5.0 out of 5 stars Well-researched and accurate. July 12 2004
By KidsReads - Published on Amazon.com
Format:Hardcover
Maria Rind lives in Williamsburg, Virginia, two years before the Revolutionary War begins. She came to Williamsburg when her father was invited by Thomas Jefferson to start a newspaper. This new paper would print the viewpoint of the colonists and their grievances against England. Other newspapers didn't dare to do that. Her father won a government contract to publish The Virginia Gazette. But then he died. Now Maria's mother, Clementina Rind, must take over his newspaper and keep making money from it, or else her family will become destitute.
Maria is only nine-years-old, but she wants very much to help her mother run the newspaper. But Clementina says that Maria's older brother, William, will do that. Maria must take care of her three younger brothers, cook, and run the household while Clementina manages the newspaper. Maria does what she is told, but she believes that if she just knew how to read and write better, her mother would let her help with the paper, too. The only problem is, while her father was sick, her mother couldn't teach Maria her lessons, and Maria can barely read. She doesn't know how to cook, either, and she has to learn everything the hard way --- she has to figure things out by herself because her mother tells Maria not to bother her while she's working on the paper.
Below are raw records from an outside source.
lemma rfi_F_circuit:
  assumes circ: "circular n m l k" and c: "is_circuit n l k E cs" and E: "E \<subseteq> arcs_F n m"
    and row: "RowF i \<in> set cs" and j: "j \<in> {1..n}"
  defines "F \<equiv> {i \<in> {1..m}. RowF i \<in> set cs}" and "p \<equiv> winding n k cs"
  defines "r \<equiv> int (card F) - p * \<lfloor>real_of_int (int (card F)) / real_of_int p\<rfloor>"
  shows "fst (rfi (circ_entry n l k) F p) j = r + of_bool (ShortR j \<in> set cs)"
proof -
  have "(\<Sum>i\<in>F. circ_entry n l k i j)
      = (if ShortR j \<in> set cs then p + 1 else if ShortF j \<in> set cs then p - 1 else p)"
    using row_cover_F_circuit[OF circ c E row j] unfolding F_def p_def .
  then show ?thesis unfolding rfi_def Let_def r_def by (simp split: if_splits)
qed

lemma gamma_ineq_eq_rfi:
  assumes circ: "circular n m l k" and c: "is_circuit n l k E cs" and E: "E \<subseteq> arcs_F n m"
    and reverse_short: "otimes n cs \<noteq> {}"
    and F: "F = {i \<in> {1..m}. RowF i \<in> set cs}" and p: "p = winding n k cs"
    and p_pos: "1 \<le> p" and p_le: "p \<le> int (card F) - 1" and ndvd: "\<not> p dvd int (card F)"
  shows "pstar n (circ_entry n l k) F = p"
    and "rfi_valid F p"
    and "\<forall>j\<in>{1..n}. fst (gamma_ineq n m l k cs (\<lambda>_. 1)) j = fst (rfi (circ_entry n l k) F p) j"
    and "snd (gamma_ineq n m l k cs (\<lambda>_. 1)) = snd (rfi (circ_entry n l k) F p)"
proof -
  have arcs: "set cs \<subseteq> arcs_F n m" using c E unfolding is_circuit_def by blast
  have card_F: "int (card F) = int (card {i \<in> {1..m}. RowF i \<in> set cs})" using F by simp
  have "F \<noteq> {}" using p_pos p_le by auto
  then obtain i where row: "RowF i \<in> set cs" using F by blast
  show "pstar n (circ_entry n l k) F = p"
    using pstar_F_circuit[OF circ c E row reverse_short] F p by simp
  show "rfi_valid F p"
    unfolding rfi_valid_def using p_pos p_le ndvd by auto
  have gamma: "gamma_ineq n m l k cs (\<lambda>_. 1) = (\<lambda>j. r + of_bool (ShortR j \<in> set cs),
      r * \<lceil>real_of_int (int (card F)) / real_of_int p\<rceil>)"
    if "r = int (card F) - p * \<lfloor>real_of_int (int (card F)) / real_of_int p\<rfloor>" for r
    using gamma_ineq_uniform_F[OF arcs p _ card_F, of 1]
      p_pos ndvd that by simp
  show "\<forall>j\<in>{1..n}. fst (gamma_ineq n m l k cs (\<lambda>_. 1)) j = fst (rfi (circ_entry n l k) F p) j"
    using gamma rfi_F_circuit[OF circ c E row] F p by simp
  show "snd (gamma_ineq n m l k cs (\<lambda>_. 1)) = snd (rfi (circ_entry n l k) F p)"
    using gamma unfolding rfi_def Let_def by simp
qed

theorem theorem6p2:
  fixes n m \<alpha> :: nat and l k :: "nat \<Rightarrow> nat" and cs :: "arc list" and s p :: int
  assumes circ: "circular n m l k"
    and alpha: "\<alpha> > 0"
    and circuit: "is_circuit n l k (arcs_F n m) cs"
    and s_def: "s = int (card {i \<in> {1..m}. RowF i \<in> set cs})"
    and p_def: "p = winding n k cs"
    and ndvd: "\<not> p dvd tval m cs (\<lambda>_. int \<alpha>)"
    and p_ge: "2 \<le> p"
    and p_le: "p \<le> tval m cs (\<lambda>_. int \<alpha>) - 1"
  shows "(let r = int \<alpha> * s - p * \<lfloor>real_of_int (int \<alpha> * s) / real_of_int p\<rfloor>
          in (\<forall>j\<in>{1..n}. fst (gamma_ineq n m l k cs (\<lambda>_. int \<alpha>)) j
                          = (if j \<in> otimes n cs then r + 1 else r))
             \<and> snd (gamma_ineq n m l k cs (\<lambda>_. int \<alpha>))
                 = r * \<lceil>real_of_int (int \<alpha> * s) / real_of_int p\<rceil>)
       \<and> ((\<alpha> = 1 \<and> otimes n cs \<noteq> {}) \<longrightarrow>
          (let F = {i \<in> {1..m}. RowF i \<in> set cs}; a = circ_entry n l k;
               ps = pstar n a F
           in rfi_valid F ps
              \<and> (\<forall>j\<in>{1..n}. fst (gamma_ineq n m l k cs (\<lambda>_. 1)) j = fst (rfi a F ps) j)
              \<and> snd (gamma_ineq n m l k cs (\<lambda>_. 1)) = snd (rfi a F ps)))"
proof -
  have arcs: "set cs \<subseteq> arcs_F n m" using circuit unfolding is_circuit_def by blast
  have t: "tval m cs (\<lambda>_. int \<alpha>) = int \<alpha> * s" using tval_uniform_F[OF arcs] s_def by simp
  have gamma: "gamma_ineq n m l k cs (\<lambda>_. int \<alpha>) = (\<lambda>j. r + of_bool (ShortR j \<in> set cs),
      r * \<lceil>real_of_int (int \<alpha> * s) / real_of_int p\<rceil>)"
    if "r = int \<alpha> * s - p * \<lfloor>real_of_int (int \<alpha> * s) / real_of_int p\<rfloor>" for r
    using gamma_ineq_uniform_F[OF arcs p_def _ s_def] p_ge ndvd t that by simp
  have otimes_iff: "j \<in> otimes n cs \<longleftrightarrow> ShortR j \<in> set cs" if "j \<in> {1..n}" for j
    using that unfolding otimes_def by simp
  have rfi_form: "pstar n (circ_entry n l k) F = p \<and> rfi_valid F p
      \<and> (\<forall>j\<in>{1..n}. fst (gamma_ineq n m l k cs (\<lambda>_. 1)) j = fst (rfi (circ_entry n l k) F p) j)
      \<and> snd (gamma_ineq n m l k cs (\<lambda>_. 1)) = snd (rfi (circ_entry n l k) F p)"
    if "\<alpha> = 1" "otimes n cs \<noteq> {}" and F: "F = {i \<in> {1..m}. RowF i \<in> set cs}" for F
    using gamma_ineq_eq_rfi[OF circ circuit subset_refl that(2) F p_def] p_ge p_le ndvd t s_def F
      that(1) by simp
  show ?thesis
    unfolding Let_def using gamma[OF refl] otimes_iff rfi_form by auto
qed
(* Let $n^*_1,n^*_2\ge 1$ be integers, $n^*=n^*_1+n^*_2$. Let $X_1,\dots,X_{n^*}$ be dependent nonnegative random variables sharing an Archimedean copula with generator $\psi_1$ (with $\phi_1=\psi_1^{-1}$), where $X_i$ has distribution function $x\mapsto F_1(\lambda_1x)$ for $i=1,\dots,n^*_1$ and $X_j$ has distribution function $x\mapsto F_2(\lambda_2x)$ for $j=n^*_1+1,\dots,n^*$, with $\lambda_1,\lambda_2>0$. Let $Y_1,\dots,Y_{n^*}$ be dependent nonnegative random variables sharing an Archimedean copula with generator $\psi_2$ (with $\phi_2=\psi_2^{-1}$), where $Y_i$ has distribution function $x\mapsto F_1(\mu_1x)$ for $i=1,\dots,n^*_1$ and $Y_j$ has distribution function $x\mapsto F_2(\mu_2x)$ for $j=n^*_1+1,\dots,n^*$, with $\mu_1,\mu_2>0$. Let $X_{n^*:n^*}(n^*_1,n^*_2)=\max_i X_i$ and $Y_{n^*:n^*}(n^*_1,n^*_2)=\max_i Y_i$. Suppose $\phi_2\circ\psi_1$ is super-additive, $\psi_1$ or $\psi_2$ is log-convex, and $\tilde r_1$ or $\tilde r_2$ is decreasing. Suppose further that either (a) $\tilde r_1(x)\ge \tilde r_2(x)$ for all $x>0$, $n^*_1\ge n^*_2$, and $\boldsymbol\lambda=(\lambda_1,\lambda_2),\boldsymbol\mu=(\mu_1,\mu_2)\in\mathcal E_+$; or (b) $\tilde r_1(x)\le \tilde r_2(x)$ for all $x>0$, $n^*_1\le n^*_2$, and $\boldsymbol\lambda,\boldsymbol\mu\in\mathcal D_+$. Then $$(\underbrace{\lambda_1,\dots,\lambda_1}_{n^*_1},\underbrace{\lambda_2,\dots,\lambda_2}_{n^*_2})\succeq^{w}(\underbrace{\mu_1,\dots,\mu_1}_{n^*_1},\underbrace{\mu_2,\dots,\mu_2}_{n^*_2})\ \Longrightarrow\ Y_{n^*:n^*}(n^*_1,n^*_2)\le_{st}X_{n^*:n^*}(n^*_1,n^*_2).$$
   Context: Archimedean copula: a generator is a continuous nonincreasing $\psi:[0,\infty)\to[0,1]$ with $\psi(0)=1$, $\psi(\infty)=0$, which is $n$-monotone so that it generates an $n$-dimensional copula; $\phi=\psi^{-1}$ is its (right-continuous) inverse. Random variables $Z_1,\dots,Z_m$ with marginal distribution functions $G_1,\dots,G_m$ share an Archimedean copula with generator $\psi$ if $P(Z_1\le z_1,\dots,Z_m\le z_m)=\psi\big(\sum_{i=1}^m\phi(G_i(z_i))\big)$. $F_1,F_2$ are absolutely continuous baseline distribution functions of nonnegative random variables with densities $f_1,f_2$; $\tilde r_k=f_k/F_k$ is the reversed hazard rate of $F_k$. A function $g$ is super-additive if $g(x)+g(y)\le g(x+y)$ for all $x,y$ in its domain. $\mathcal E_+=\{(x_1,x_2):0<x_1\le x_2\}$, $\mathcal D_+=\{(x_1,x_2):x_1\ge x_2>0\}$. For vectors $\boldsymbol a,\boldsymbol b\in\mathbb R^k$ with increasingly ordered coordinates $a_{(1)}\le\dots\le a_{(k)}$, $b_{(1)}\le\dots\le b_{(k)}$: $\boldsymbol a\succeq^{w}\boldsymbol b$ means $\sum_{i=1}^l b_{(i)}\ge\sum_{i=1}^l a_{(i)}$ for all $l=1,\dots,k$. $U\le_{st}V$ means $P(U>x)\le P(V>x)$ for all $x$. "Increasing/decreasing" mean nondecreasing/nonincreasing. *)

theory Defs
  imports "HOL-Probability.Probability"
begin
Maria works hard to teach herself to read, and she finds ways to help her mother with the paper, too. In fact, Maria figures out a solution to one serious problem that nobody else thinks of. This book is based on a true story about a real little girl, Maria Rind, who lived in Williamsburg before and during the Revolutionary War. Her mother, Clementina, really did run the newspaper after her husband died, the only woman ever to do so in the Virginia colony.
The book includes several sections of history about Williamsburg, printing, children of the time, and what happened to the real Maria and her family. It has lots of photographs, and the story it tells is well-researched and accurate. You will want to find out how Maria copes with the tragic and dangerous things that happen in her life. And you will see how very unfair life could be to little girls in those days, even when they were smarter than their brothers!
--- Reviewed by Tamara Penny
5.0 out of 5 stars Entertaining and Educational May 15 2009
By Sunny Sewing Honeybee - Published on Amazon.com
Format:Hardcover
Afraid that her opinionated mother may lose--over politics--a newspaper/printing business her late father worked so hard to create, Maria is determined to help. However, she finds that her mother has other ideas for how Maria should "help" out her struggling family, and those ideas do not include helping with their newspaper.

Unlike some of the more popular books for children taking place in historical times, these books are based on the lives of real people. I felt like I genuinely got to know Maria. Perhaps one of the most interesting parts of this book is that it includes information about what happened to the real Maria Rind.

_Maria's Story_ truly brings the past alive, and should be enjoyed by any child, or even adult, who is interested in the history of publishing.